__Task requirements__:
Word for word, restate each entry that appears below.

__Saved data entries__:

(* Let $n\ge 1$ and let $\sigma$ be any permutation of $\{1,\dots,n\}$. Let $P_\sigma$ be the unitary on $n$ qubits that permutes the qubits according to $\sigma$, i.e. $P_\sigma|b_1 b_2\cdots b_n\rangle = |b_{\sigma^{-1}(1)} b_{\sigma^{-1}(2)}\cdots b_{\sigma^{-1}(n)}\rangle$ for all $b_i\in\{0,1\}$. Then: (i) $P_\sigma$ can be embedded, using $n$ ancillae, in a circuit consisting of 4 layers each of which contains only controlled-not gates (acting on disjoint pairs of qubits); (ii) $P_\sigma$ is equal (with no ancillae) to a circuit consisting of 6 layers each of which contains only controlled-not gates (acting on disjoint pairs of qubits).
   Context: Qubits have computational basis $|0\rangle,|1\rangle$; an operator on $n$ qubits is a $2^n\times 2^n$ unitary matrix indexed by bit strings. The controlled-not gate is the two-qubit unitary $\mathrm{diag}$-block matrix $\begin{pmatrix}1&0&0&0\\0&1&0&0\\0&0&0&1\\0&0&1&0\end{pmatrix}$ (first qubit = control, second = target), i.e. $|a,b\rangle\mapsto|a,a\oplus b\rangle$. A layer is a tensor product of gates acting on pairwise disjoint sets of qubits (qubits not acted on are left unchanged); a circuit of $k$ layers is the product of $k$ layers. An operator $F$ on $n$ qubits is embedded in an operator $M$ on $n+m$ qubits using $m$ ancillae if $M$ maps the subspace where all $m$ ancilla qubits are $|0\rangle$ into itself and, restricted to that subspace, equals $F\otimes \mathbf{1}$ (i.e. $M(|\psi\rangle\otimes|0\cdots0\rangle)=(F|\psi\rangle)\otimes|0\cdots 0\rangle$ for all $|\psi\rangle$). *)

theory Defs
  imports Complex_Main "HOL-Combinatorics.Permutations"
begin

text \<open>Qubits are indexed 0,1,...,N-1. A computational basis state of N qubits is a bit
  assignment b :: nat => bool vanishing (False) outside {0..<N}. An operator on N qubits is a
  matrix indexed by basis states: entry M x y is the coefficient of basis state x in M applied
  to basis state y.\<close>

type_synonym bits = "nat \<Rightarrow> bool"
type_synonym qop = "bits \<Rightarrow> bits \<Rightarrow> complex"

definition basis :: "nat \<Rightarrow> bits set" where
  "basis N = {b. \<forall>i\<ge>N. \<not> b i}"

definition op_mult :: "nat \<Rightarrow> qop \<Rightarrow> qop \<Rightarrow> qop" where
  "op_mult N A B = (\<lambda>x z. \<Sum>y\<in>basis N. A x y * B y z)"

definition op_id :: qop where
  "op_id = (\<lambda>x y. if x = y then 1 else 0)"

definition op_apply :: "nat \<Rightarrow> qop \<Rightarrow> (bits \<Rightarrow> complex) \<Rightarrow> (bits \<Rightarrow> complex)" where
  "op_apply N M \<psi> = (\<lambda>x. \<Sum>y\<in>basis N. M x y * \<psi> y)"

definition cnot :: "nat \<Rightarrow> nat \<Rightarrow> qop" where
  "cnot c t = (\<lambda>x y. if x = y(t := (y t \<noteq> y c)) then 1 else 0)"

text \<open>Its operator is the tensor product of the gates,
  i.e. the product of the (commuting) gates.\<close>
definition cnot_layer :: "nat \<Rightarrow> (nat \<times> nat) list \<Rightarrow> bool" where
  "cnot_layer N L \<longleftrightarrow> (\<forall>(c, t)\<in>set L. c < N \<and> t < N)
      \<and> distinct (concat (map (\<lambda>(c, t). [c, t]) L))"

definition layer_op :: "nat \<Rightarrow> (nat \<times> nat) list \<Rightarrow> qop" where
  "layer_op N L = foldr (\<lambda>(c, t) M. op_mult N (cnot c t) M) L op_id"

definition circuit_op :: "nat \<Rightarrow> (nat \<times> nat) list list \<Rightarrow> qop" where
  "circuit_op N Ls = foldr (\<lambda>L M. op_mult N (layer_op N L) M) Ls op_id"

definition perm_op :: "nat \<Rightarrow> (nat \<Rightarrow> nat) \<Rightarrow> qop" where
  "perm_op n \<sigma> = (\<lambda>x y. if x = (\<lambda>i. y (inv \<sigma> i)) then 1 else 0)"

text \<open>State psi on n qubits tensored with m ancillae (qubits n..n+m-1) in state |0...0>.\<close>
definition with_zero_ancillae :: "nat \<Rightarrow> (bits \<Rightarrow> complex) \<Rightarrow> (bits \<Rightarrow> complex)" where
  "with_zero_ancillae n \<psi> = (\<lambda>x. if \<forall>i\<ge>n. \<not> x i then \<psi> x else 0)"

definition embeds :: "nat \<Rightarrow> nat \<Rightarrow> qop \<Rightarrow> qop \<Rightarrow> bool" where
  "embeds n m M F \<longleftrightarrow> (\<forall>\<psi>. \<forall>x\<in>basis (n + m).
      op_apply (n + m) M (with_zero_ancillae n \<psi>) x
      = with_zero_ancillae n (op_apply n F \<psi>) x)"

end

theory Submission
  imports Defs "HOL-Combinatorics.Orbits"
begin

__Exercise output__:
(* Let $n\ge 1$ and let $\sigma$ be any permutation of $\{1,\dots,n\}$. Let $P_\sigma$ be the unitary on $n$ qubits that permutes the qubits according to $\sigma$, i.e. $P_\sigma|b_1 b_2\cdots b_n\rangle = |b_{\sigma^{-1}(1)} b_{\sigma^{-1}(2)}\cdots b_{\sigma^{-1}(n)}\rangle$ for all $b_i\in\{0,1\}$. Then: (i) $P_\sigma$ can be embedded, using $n$ ancillae, in a circuit consisting of 4 layers each of which contains only controlled-not gates (acting on disjoint pairs of qubits); (ii) $P_\sigma$ is equal (with no ancillae) to a circuit consisting of 6 layers each of which contains only controlled-not gates (acting on disjoint pairs of qubits).
   Context: Qubits have computational basis $|0\rangle,|1\rangle$; an operator on $n$ qubits is a $2^n\times 2^n$ unitary matrix indexed by bit strings. The controlled-not gate is the two-qubit unitary $\mathrm{diag}$-block matrix $\begin{pmatrix}1&0&0&0\\0&1&0&0\\0&0&0&1\\0&0&1&0\end{pmatrix}$ (first qubit = control, second = target), i.e. $|a,b\rangle\mapsto|a,a\oplus b\rangle$. A layer is a tensor product of gates acting on pairwise disjoint sets of qubits (qubits not acted on are left unchanged); a circuit of $k$ layers is the product of $k$ layers. An operator $F$ on $n$ qubits is embedded in an operator $M$ on $n+m$ qubits using $m$ ancillae if $M$ maps the subspace where all $m$ ancilla qubits are $|0\rangle$ into itself and, restricted to that subspace, equals $F\otimes \mathbf{1}$ (i.e. $M(|\psi\rangle\otimes|0\cdots0\rangle)=(F|\psi\rangle)\otimes|0\cdots 0\rangle$ for all $|\psi\rangle$). *)

theory Defs
  imports Complex_Main "HOL-Combinatorics.Permutations"
begin

text \<open>Qubits are indexed 0,1,...,N-1. A computational basis state of N qubits is a bit
  assignment b :: nat => bool vanishing (False) outside {0..<N}. An operator on N qubits is a
  matrix indexed by basis states: entry M x y is the coefficient of basis state x in M applied
  to basis state y.\<close>

type_synonym bits = "nat \<Rightarrow> bool"
type_synonym qop = "bits \<Rightarrow> bits \<Rightarrow> complex"

definition basis :: "nat \<Rightarrow> bits set" where
  "basis N = {b. \<forall>i\<ge>N. \<not> b i}"

definition op_mult :: "nat \<Rightarrow> qop \<Rightarrow> qop \<Rightarrow> qop" where
  "op_mult N A B = (\<lambda>x z. \<Sum>y\<in>basis N. A x y * B y z)"

definition op_id :: qop where
  "op_id = (\<lambda>x y. if x = y then 1 else 0)"

definition op_apply :: "nat \<Rightarrow> qop \<Rightarrow> (bits \<Rightarrow> complex) \<Rightarrow> (bits \<Rightarrow> complex)" where
  "op_apply N M \<psi> = (\<lambda>x. \<Sum>y\<in>basis N. M x y * \<psi> y)"

definition cnot :: "nat \<Rightarrow> nat \<Rightarrow> qop" where
  "cnot c t = (\<lambda>x y. if x = y(t := (y t \<noteq> y c)) then 1 else 0)"

text \<open>Its operator is the tensor product of the gates,
  i.e. the product of the (commuting) gates.\<close>
definition cnot_layer :: "nat \<Rightarrow> (nat \<times> nat) list \<Rightarrow> bool" where
  "cnot_layer N L \<longleftrightarrow> (\<forall>(c, t)\<in>set L. c < N \<and> t < N)
      \<and> distinct (concat (map (\<lambda>(c, t). [c, t]) L))"

definition layer_op :: "nat \<Rightarrow> (nat \<times> nat) list \<Rightarrow> qop" where
  "layer_op N L = foldr (\<lambda>(c, t) M. op_mult N (cnot c t) M) L op_id"

definition circuit_op :: "nat \<Rightarrow> (nat \<times> nat) list list \<Rightarrow> qop" where
  "circuit_op N Ls = foldr (\<lambda>L M. op_mult N (layer_op N L) M) Ls op_id"

definition perm_op :: "nat \<Rightarrow> (nat \<Rightarrow> nat) \<Rightarrow> qop" where
  "perm_op n \<sigma> = (\<lambda>x y. if x = (\<lambda>i. y (inv \<sigma> i)) then 1 else 0)"

text \<open>State psi on n qubits tensored with m ancillae (qubits n..n+m-1) in state |0...0>.\<close>
definition with_zero_ancillae :: "nat \<Rightarrow> (bits \<Rightarrow> complex) \<Rightarrow> (bits \<Rightarrow> complex)" where
  "with_zero_ancillae n \<psi> = (\<lambda>x. if \<forall>i\<ge>n. \<not> x i then \<psi> x else 0)"

definition embeds :: "nat \<Rightarrow> nat \<Rightarrow> qop \<Rightarrow> qop \<Rightarrow> bool" where
  "embeds n m M F \<longleftrightarrow> (\<forall>\<psi>. \<forall>x\<in>basis (n + m).
      op_apply (n + m) M (with_zero_ancillae n \<psi>) x
      = with_zero_ancillae n (op_apply n F \<psi>) x)"

end

theory Submission
  imports Defs "HOL-Combinatorics.Orbits"
begin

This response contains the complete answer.